TASK OBJECTIVE ->
Copy all lines holding the word "None" from the entries.

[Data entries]
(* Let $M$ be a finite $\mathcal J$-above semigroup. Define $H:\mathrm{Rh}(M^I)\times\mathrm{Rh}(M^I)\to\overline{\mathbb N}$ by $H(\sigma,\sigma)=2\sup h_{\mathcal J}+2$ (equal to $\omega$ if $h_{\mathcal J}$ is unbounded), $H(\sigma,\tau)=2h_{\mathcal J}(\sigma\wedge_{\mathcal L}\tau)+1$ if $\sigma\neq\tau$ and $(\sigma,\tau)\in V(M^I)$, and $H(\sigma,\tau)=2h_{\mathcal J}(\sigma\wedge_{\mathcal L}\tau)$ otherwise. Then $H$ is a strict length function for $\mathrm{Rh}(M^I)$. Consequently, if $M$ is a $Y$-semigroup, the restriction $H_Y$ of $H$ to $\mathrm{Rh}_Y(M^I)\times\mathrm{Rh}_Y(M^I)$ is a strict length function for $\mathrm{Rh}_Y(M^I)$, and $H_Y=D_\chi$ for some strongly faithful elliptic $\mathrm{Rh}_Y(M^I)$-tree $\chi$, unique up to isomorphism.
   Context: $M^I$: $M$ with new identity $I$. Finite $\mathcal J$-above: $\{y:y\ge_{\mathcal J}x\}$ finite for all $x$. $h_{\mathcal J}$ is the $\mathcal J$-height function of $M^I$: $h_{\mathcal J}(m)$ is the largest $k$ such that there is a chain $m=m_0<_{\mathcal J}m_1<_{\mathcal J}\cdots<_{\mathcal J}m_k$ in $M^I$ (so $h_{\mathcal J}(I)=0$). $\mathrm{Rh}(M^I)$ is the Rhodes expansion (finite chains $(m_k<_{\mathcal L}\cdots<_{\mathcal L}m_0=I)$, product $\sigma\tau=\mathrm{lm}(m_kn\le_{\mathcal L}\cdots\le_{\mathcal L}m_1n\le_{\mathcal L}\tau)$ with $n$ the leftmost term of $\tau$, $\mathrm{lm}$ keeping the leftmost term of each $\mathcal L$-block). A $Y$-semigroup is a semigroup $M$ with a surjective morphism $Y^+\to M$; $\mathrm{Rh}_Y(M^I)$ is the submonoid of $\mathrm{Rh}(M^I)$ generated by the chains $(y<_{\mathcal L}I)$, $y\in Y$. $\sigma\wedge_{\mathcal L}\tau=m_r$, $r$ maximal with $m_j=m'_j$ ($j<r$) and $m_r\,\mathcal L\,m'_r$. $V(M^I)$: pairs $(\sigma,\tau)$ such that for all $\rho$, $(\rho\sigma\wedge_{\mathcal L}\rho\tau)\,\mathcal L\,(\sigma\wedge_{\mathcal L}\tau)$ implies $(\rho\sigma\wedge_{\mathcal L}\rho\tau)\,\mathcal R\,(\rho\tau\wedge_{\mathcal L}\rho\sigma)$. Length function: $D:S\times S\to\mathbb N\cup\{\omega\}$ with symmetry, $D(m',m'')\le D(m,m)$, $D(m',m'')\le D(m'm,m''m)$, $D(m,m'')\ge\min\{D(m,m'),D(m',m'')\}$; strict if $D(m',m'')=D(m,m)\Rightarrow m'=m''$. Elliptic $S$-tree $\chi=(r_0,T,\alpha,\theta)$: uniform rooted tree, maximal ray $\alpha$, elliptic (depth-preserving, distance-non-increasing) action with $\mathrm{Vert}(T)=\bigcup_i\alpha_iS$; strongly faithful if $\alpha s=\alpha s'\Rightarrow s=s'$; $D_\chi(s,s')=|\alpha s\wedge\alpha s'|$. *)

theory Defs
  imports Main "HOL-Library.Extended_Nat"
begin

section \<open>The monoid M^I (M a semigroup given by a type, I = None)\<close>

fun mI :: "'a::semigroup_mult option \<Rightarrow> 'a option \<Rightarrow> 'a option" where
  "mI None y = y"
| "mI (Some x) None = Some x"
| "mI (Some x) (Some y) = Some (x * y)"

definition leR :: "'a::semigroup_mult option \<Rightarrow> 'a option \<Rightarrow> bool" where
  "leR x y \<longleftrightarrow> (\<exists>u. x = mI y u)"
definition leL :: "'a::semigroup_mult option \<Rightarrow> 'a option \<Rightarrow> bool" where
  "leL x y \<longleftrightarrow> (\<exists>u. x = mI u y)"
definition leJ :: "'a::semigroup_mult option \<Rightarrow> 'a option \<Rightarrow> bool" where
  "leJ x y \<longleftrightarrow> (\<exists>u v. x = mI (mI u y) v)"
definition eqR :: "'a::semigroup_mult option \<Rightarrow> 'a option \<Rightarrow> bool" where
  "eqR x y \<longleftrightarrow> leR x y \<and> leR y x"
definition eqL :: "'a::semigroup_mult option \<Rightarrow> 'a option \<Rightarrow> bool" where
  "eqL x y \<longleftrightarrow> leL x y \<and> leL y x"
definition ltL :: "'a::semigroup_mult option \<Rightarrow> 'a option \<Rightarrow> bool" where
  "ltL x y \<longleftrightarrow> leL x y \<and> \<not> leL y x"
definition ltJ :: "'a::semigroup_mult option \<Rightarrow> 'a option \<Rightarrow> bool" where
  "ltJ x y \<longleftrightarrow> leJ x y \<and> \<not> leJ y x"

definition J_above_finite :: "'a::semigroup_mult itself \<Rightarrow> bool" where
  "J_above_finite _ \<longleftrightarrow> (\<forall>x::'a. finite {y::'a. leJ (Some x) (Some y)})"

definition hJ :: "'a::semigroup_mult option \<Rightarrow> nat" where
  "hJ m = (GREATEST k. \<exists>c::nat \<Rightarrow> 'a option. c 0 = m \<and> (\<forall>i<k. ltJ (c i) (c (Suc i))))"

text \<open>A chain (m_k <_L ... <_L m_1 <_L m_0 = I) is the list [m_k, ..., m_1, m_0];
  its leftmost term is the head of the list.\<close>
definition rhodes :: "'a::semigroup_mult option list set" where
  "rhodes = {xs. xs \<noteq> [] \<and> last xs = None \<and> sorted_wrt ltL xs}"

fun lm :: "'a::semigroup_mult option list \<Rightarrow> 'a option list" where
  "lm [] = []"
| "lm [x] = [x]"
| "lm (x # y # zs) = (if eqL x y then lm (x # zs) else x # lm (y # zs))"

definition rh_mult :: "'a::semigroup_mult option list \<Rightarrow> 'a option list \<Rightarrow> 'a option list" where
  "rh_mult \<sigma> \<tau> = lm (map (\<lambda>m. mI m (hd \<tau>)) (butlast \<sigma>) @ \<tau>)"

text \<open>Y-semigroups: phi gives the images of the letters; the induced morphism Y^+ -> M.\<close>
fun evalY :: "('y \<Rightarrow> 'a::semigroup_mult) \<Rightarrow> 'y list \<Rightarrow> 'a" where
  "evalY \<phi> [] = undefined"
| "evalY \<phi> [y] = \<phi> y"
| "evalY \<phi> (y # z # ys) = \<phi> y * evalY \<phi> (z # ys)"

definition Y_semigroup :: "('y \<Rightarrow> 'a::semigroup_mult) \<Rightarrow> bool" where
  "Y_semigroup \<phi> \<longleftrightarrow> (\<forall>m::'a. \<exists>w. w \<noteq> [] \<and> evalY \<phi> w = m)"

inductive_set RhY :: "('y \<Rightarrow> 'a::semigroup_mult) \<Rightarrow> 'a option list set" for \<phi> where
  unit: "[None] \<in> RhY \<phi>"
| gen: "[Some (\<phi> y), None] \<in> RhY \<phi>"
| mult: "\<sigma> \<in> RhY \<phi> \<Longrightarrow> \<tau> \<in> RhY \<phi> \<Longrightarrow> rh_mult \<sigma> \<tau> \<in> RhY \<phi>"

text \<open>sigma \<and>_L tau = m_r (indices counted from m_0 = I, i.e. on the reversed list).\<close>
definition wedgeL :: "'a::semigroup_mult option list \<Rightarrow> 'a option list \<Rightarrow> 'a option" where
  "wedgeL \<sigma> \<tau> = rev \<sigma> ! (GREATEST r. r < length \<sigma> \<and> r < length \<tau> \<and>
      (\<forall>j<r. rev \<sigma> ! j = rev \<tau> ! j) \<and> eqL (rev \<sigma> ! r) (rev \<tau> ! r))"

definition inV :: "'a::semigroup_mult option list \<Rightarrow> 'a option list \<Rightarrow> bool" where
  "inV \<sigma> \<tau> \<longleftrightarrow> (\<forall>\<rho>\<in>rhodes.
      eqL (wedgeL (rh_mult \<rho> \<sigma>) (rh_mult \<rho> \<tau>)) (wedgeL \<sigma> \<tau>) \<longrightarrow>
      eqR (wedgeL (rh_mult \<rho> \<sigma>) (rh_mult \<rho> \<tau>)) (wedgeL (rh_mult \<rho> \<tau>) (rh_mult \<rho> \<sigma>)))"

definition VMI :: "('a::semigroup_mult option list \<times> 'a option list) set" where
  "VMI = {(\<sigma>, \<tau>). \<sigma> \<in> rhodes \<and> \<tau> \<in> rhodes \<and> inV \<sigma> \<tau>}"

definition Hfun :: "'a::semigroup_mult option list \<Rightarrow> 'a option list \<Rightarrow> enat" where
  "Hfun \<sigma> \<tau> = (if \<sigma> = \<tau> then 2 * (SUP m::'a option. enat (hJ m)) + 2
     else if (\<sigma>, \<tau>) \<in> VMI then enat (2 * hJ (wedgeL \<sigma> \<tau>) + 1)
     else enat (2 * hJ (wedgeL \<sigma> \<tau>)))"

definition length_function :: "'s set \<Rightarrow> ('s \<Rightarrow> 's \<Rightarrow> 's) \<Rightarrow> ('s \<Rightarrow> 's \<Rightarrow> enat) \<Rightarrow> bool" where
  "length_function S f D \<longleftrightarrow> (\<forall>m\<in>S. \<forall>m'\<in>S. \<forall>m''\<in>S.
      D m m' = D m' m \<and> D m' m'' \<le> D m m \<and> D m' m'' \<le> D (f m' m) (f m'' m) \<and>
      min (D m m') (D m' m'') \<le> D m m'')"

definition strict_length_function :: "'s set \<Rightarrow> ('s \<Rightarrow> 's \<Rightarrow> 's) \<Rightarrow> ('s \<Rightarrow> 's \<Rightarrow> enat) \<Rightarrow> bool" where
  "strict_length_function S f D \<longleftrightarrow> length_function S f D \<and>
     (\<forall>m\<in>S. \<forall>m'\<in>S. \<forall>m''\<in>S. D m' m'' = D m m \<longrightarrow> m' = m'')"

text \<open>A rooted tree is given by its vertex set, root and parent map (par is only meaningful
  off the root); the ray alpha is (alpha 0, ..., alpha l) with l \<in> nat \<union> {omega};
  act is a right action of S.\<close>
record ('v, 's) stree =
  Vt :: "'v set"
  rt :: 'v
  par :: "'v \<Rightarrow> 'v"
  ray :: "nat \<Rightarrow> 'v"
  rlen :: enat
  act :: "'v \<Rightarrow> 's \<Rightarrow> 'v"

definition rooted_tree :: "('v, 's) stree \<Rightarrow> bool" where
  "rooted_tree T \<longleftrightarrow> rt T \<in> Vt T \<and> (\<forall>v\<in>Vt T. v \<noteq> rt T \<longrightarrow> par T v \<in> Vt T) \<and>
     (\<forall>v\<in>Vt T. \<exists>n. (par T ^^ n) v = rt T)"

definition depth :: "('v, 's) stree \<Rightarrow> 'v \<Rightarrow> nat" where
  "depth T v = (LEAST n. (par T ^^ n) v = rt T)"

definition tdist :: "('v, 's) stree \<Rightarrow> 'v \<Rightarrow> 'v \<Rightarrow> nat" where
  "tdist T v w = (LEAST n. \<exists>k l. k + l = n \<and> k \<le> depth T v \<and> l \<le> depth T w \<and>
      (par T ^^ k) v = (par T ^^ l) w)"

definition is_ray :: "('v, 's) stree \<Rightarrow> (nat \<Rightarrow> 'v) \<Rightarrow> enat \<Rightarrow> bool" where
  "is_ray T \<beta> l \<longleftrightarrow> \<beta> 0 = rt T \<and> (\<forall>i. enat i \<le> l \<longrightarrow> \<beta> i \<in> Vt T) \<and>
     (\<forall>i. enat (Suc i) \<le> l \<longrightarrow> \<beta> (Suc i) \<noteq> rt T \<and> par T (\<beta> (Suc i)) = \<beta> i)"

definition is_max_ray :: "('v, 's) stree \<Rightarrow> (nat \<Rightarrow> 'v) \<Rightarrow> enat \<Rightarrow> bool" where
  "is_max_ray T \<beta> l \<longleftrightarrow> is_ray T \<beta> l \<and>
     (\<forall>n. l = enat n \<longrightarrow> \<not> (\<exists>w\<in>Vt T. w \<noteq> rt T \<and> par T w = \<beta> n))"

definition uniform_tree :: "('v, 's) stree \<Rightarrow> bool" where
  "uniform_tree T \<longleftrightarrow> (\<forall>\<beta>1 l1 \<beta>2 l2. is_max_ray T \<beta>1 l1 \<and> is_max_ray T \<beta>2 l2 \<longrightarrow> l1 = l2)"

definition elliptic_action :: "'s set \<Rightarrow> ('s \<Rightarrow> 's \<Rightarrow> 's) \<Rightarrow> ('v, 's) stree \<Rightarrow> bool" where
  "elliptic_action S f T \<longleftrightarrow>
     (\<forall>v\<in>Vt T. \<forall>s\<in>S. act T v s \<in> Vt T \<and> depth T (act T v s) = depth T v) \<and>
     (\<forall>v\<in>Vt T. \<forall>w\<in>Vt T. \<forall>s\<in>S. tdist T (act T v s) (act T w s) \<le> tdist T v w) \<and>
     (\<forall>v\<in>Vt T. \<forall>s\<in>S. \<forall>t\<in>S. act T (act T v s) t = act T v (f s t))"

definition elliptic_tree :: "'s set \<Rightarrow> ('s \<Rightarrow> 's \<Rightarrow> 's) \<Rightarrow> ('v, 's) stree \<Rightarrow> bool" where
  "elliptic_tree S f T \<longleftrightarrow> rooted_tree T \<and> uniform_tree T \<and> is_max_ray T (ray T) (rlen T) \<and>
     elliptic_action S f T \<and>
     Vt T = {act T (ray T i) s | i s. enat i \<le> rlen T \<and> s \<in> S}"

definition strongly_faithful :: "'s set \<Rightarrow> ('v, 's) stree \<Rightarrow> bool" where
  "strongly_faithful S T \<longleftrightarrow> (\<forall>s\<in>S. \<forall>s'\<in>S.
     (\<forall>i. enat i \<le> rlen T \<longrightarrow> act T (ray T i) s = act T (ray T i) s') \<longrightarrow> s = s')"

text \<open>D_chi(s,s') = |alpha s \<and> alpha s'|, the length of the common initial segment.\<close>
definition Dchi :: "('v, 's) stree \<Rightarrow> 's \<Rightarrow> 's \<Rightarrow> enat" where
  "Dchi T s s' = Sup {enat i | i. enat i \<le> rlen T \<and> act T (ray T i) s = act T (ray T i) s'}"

WORKED SOLUTION ->
section \<open>The monoid M^I (M a semigroup given by a type, I = None)\<close>
  "mI None y = y"
| "mI (Some x) None = Some x"
  "rhodes = {xs. xs \<noteq> [] \<and> last xs = None \<and> sorted_wrt ltL xs}"
  unit: "[None] \<in> RhY \<phi>"
| gen: "[Some (\<phi> y), None] \<in> RhY \<phi>"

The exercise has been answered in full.